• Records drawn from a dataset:
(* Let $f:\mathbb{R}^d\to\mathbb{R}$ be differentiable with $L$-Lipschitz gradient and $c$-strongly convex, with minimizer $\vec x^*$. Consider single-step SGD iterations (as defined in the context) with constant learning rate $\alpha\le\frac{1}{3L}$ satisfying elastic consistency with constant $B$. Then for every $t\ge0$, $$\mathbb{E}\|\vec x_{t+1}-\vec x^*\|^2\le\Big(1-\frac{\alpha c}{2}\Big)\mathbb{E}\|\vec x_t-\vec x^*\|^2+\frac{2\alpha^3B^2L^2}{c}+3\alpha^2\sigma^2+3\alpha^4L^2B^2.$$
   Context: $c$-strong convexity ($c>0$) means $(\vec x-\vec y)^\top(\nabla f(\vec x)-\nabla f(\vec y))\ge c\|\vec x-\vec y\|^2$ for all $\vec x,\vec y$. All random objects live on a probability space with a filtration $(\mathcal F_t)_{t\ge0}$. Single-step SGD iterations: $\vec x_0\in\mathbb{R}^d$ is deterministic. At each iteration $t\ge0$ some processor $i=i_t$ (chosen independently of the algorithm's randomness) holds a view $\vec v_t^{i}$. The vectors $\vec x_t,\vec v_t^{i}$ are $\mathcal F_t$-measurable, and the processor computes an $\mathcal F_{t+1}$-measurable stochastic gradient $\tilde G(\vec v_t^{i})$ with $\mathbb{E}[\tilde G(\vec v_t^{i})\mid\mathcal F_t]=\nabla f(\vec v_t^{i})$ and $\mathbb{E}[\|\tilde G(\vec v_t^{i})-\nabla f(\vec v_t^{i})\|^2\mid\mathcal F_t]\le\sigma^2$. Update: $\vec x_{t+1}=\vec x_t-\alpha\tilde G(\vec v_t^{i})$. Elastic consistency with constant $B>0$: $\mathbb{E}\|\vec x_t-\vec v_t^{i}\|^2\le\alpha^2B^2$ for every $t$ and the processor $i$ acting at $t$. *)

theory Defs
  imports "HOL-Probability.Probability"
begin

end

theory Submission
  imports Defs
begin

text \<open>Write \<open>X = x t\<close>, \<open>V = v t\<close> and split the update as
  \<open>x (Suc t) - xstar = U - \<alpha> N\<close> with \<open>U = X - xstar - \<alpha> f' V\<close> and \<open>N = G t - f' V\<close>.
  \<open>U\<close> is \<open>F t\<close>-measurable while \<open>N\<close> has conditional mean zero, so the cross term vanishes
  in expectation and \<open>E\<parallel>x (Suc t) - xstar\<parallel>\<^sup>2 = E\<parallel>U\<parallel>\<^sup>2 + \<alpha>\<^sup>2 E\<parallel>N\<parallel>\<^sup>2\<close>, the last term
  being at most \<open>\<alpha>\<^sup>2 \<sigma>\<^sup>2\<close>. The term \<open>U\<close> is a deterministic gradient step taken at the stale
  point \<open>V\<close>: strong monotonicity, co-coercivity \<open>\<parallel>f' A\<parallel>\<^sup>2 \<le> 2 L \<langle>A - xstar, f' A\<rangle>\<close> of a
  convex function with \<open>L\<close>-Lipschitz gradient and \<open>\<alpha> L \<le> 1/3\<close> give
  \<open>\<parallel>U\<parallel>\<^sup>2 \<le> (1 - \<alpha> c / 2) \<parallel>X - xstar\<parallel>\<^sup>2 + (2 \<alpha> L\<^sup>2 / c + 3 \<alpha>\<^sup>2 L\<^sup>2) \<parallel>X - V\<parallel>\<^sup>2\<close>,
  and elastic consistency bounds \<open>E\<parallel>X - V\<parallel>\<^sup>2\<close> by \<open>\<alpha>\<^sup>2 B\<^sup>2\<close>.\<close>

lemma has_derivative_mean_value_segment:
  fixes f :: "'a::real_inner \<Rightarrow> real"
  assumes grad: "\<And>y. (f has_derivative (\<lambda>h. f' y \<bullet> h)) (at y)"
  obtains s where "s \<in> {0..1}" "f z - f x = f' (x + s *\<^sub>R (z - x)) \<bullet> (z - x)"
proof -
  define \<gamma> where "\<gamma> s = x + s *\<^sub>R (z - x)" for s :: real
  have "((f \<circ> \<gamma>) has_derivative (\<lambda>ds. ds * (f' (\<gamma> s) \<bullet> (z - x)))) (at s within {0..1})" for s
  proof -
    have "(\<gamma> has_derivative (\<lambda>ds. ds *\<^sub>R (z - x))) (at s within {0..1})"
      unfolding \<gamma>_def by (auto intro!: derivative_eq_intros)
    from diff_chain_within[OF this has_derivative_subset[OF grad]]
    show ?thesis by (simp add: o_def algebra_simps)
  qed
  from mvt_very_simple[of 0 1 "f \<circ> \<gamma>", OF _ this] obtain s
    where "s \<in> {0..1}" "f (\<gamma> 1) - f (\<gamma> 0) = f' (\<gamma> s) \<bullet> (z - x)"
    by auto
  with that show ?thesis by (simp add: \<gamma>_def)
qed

• Your assignment: Keep the wording exact. Give all of the records again.

• Task solution:
(* Let $f:\mathbb{R}^d\to\mathbb{R}$ be differentiable with $L$-Lipschitz gradient and $c$-strongly convex, with minimizer $\vec x^*$. Consider single-step SGD iterations (as defined in the context) with constant learning rate $\alpha\le\frac{1}{3L}$ satisfying elastic consistency with constant $B$. Then for every $t\ge0$, $$\mathbb{E}\|\vec x_{t+1}-\vec x^*\|^2\le\Big(1-\frac{\alpha c}{2}\Big)\mathbb{E}\|\vec x_t-\vec x^*\|^2+\frac{2\alpha^3B^2L^2}{c}+3\alpha^2\sigma^2+3\alpha^4L^2B^2.$$
   Context: $c$-strong convexity ($c>0$) means $(\vec x-\vec y)^\top(\nabla f(\vec x)-\nabla f(\vec y))\ge c\|\vec x-\vec y\|^2$ for all $\vec x,\vec y$. All random objects live on a probability space with a filtration $(\mathcal F_t)_{t\ge0}$. Single-step SGD iterations: $\vec x_0\in\mathbb{R}^d$ is deterministic. At each iteration $t\ge0$ some processor $i=i_t$ (chosen independently of the algorithm's randomness) holds a view $\vec v_t^{i}$. The vectors $\vec x_t,\vec v_t^{i}$ are $\mathcal F_t$-measurable, and the processor computes an $\mathcal F_{t+1}$-measurable stochastic gradient $\tilde G(\vec v_t^{i})$ with $\mathbb{E}[\tilde G(\vec v_t^{i})\mid\mathcal F_t]=\nabla f(\vec v_t^{i})$ and $\mathbb{E}[\|\tilde G(\vec v_t^{i})-\nabla f(\vec v_t^{i})\|^2\mid\mathcal F_t]\le\sigma^2$. Update: $\vec x_{t+1}=\vec x_t-\alpha\tilde G(\vec v_t^{i})$. Elastic consistency with constant $B>0$: $\mathbb{E}\|\vec x_t-\vec v_t^{i}\|^2\le\alpha^2B^2$ for every $t$ and the processor $i$ acting at $t$. *)

theory Defs
  imports "HOL-Probability.Probability"
begin

end

theory Submission
  imports Defs
begin

text \<open>Write \<open>X = x t\<close>, \<open>V = v t\<close> and split the update as
  \<open>x (Suc t) - xstar = U - \<alpha> N\<close> with \<open>U = X - xstar - \<alpha> f' V\<close> and \<open>N = G t - f' V\<close>.
  \<open>U\<close> is \<open>F t\<close>-measurable while \<open>N\<close> has conditional mean zero, so the cross term vanishes
  in expectation and \<open>E\<parallel>x (Suc t) - xstar\<parallel>\<^sup>2 = E\<parallel>U\<parallel>\<^sup>2 + \<alpha>\<^sup>2 E\<parallel>N\<parallel>\<^sup>2\<close>, the last term
  being at most \<open>\<alpha>\<^sup>2 \<sigma>\<^sup>2\<close>. The term \<open>U\<close> is a deterministic gradient step taken at the stale
  point \<open>V\<close>: strong monotonicity, co-coercivity \<open>\<parallel>f' A\<parallel>\<^sup>2 \<le> 2 L \<langle>A - xstar, f' A\<rangle>\<close> of a
  convex function with \<open>L\<close>-Lipschitz gradient and \<open>\<alpha> L \<le> 1/3\<close> give
  \<open>\<parallel>U\<parallel>\<^sup>2 \<le> (1 - \<alpha> c / 2) \<parallel>X - xstar\<parallel>\<^sup>2 + (2 \<alpha> L\<^sup>2 / c + 3 \<alpha>\<^sup>2 L\<^sup>2) \<parallel>X - V\<parallel>\<^sup>2\<close>,
  and elastic consistency bounds \<open>E\<parallel>X - V\<parallel>\<^sup>2\<close> by \<open>\<alpha>\<^sup>2 B\<^sup>2\<close>.\<close>

lemma has_derivative_mean_value_segment:
  fixes f :: "'a::real_inner \<Rightarrow> real"
  assumes grad: "\<And>y. (f has_derivative (\<lambda>h. f' y \<bullet> h)) (at y)"
  obtains s where "s \<in> {0..1}" "f z - f x = f' (x + s *\<^sub>R (z - x)) \<bullet> (z - x)"
proof -
  define \<gamma> where "\<gamma> s = x + s *\<^sub>R (z - x)" for s :: real
  have "((f \<circ> \<gamma>) has_derivative (\<lambda>ds. ds * (f' (\<gamma> s) \<bullet> (z - x)))) (at s within {0..1})" for s
  proof -
    have "(\<gamma> has_derivative (\<lambda>ds. ds *\<^sub>R (z - x))) (at s within {0..1})"
      unfolding \<gamma>_def by (auto intro!: derivative_eq_intros)
    from diff_chain_within[OF this has_derivative_subset[OF grad]]
    show ?thesis by (simp add: o_def algebra_simps)
  qed
  from mvt_very_simple[of 0 1 "f \<circ> \<gamma>", OF _ this] obtain s
    where "s \<in> {0..1}" "f (\<gamma> 1) - f (\<gamma> 0) = f' (\<gamma> s) \<bullet> (z - x)"
    by auto
  with that show ?thesis by (simp add: \<gamma>_def)
qed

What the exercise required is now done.